TASK DIRECTIONS
Provide only the number of lines in the records below that contain "LINT".

DATASET EXTRACT
++++++++++
lemma stable_measure_laplace_real:
  assumes "is_stable_measure a t \<mu>" "0 \<le> x"
  shows "(LINT s|\<mu>. exp (- (s * x))) = exp (- t * x powr a)"
proof -
  have "complex_of_real (LINT s|\<mu>. exp (- (s * x)))
      = (LINT s|\<mu>. exp (- (complex_of_real s * complex_of_real x)))"
    by (simp flip: integral_complex_of_real exp_of_real)
  also have "\<dots> = exp (- (complex_of_real t * complex_of_real x powr complex_of_real a))"
    using assms by (simp add: is_stable_measure_def)
  also have "\<dots> = complex_of_real (exp (- t * x powr a))"
    using assms(2) by (simp add: powr_of_real flip: exp_of_real)
  finally show ?thesis by (simp only: of_real_eq_iff)
qed

lemma sums_exp_semigroup_A_alpha_power:
  assumes "0 < a" "a < 1" "0 \<le> t" "0 \<le> w" "w < 1"
  shows "(\<lambda>k. exp_semigroup t (A_alpha a) k * w ^ k) sums exp (- t * (1 - w) powr a)"
  using sums_exp_semigroup_power[OF A_alpha_nonneg[OF assms(1,2)] A_alpha_0 assms(3,4)
      sums_A_alpha_power[OF assms(4,5)]]
  by simp

lemma sums_stable_poisson_mixture_power:
  assumes "is_stable_measure a t \<mu>" "0 \<le> w" "w \<le> 1"
  shows "(\<lambda>k. (LINT s|\<mu>. poisson s k) * w ^ k) sums exp (- t * (1 - w) powr a)"
proof -
  have "prob_space \<mu>" "sets \<mu> = sets borel"
    using assms(1) by (simp_all add: is_stable_measure_def)
  from sums_poisson_mixture_power[OF this stable_measure_AE_nonneg[OF assms(1)] assms(2,3)]
  show ?thesis
    using stable_measure_laplace_real[OF assms(1), of "1 - w"] assms(3) by simp
qed

theorem proposition5p6:
  fixes \<alpha> t :: real and \<mu> :: "real measure" and k :: nat
  assumes "0 < \<alpha>" "\<alpha> < 1" "0 \<le> t"
    and "is_stable_measure \<alpha> t \<mu>"
  shows "exp_semigroup t (A_alpha \<alpha>) k = (LINT s|\<mu>. poisson s k)"
  using sums_exp_semigroup_A_alpha_power[OF assms(1-3)]
    sums_stable_poisson_mixture_power[OF assms(4)]
  by (intro powser_coeffs_unique[where f="\<lambda>w. exp (- t * (1 - w) powr \<alpha>)"]) auto

end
++++++++++
COMPLETED EXERCISE
5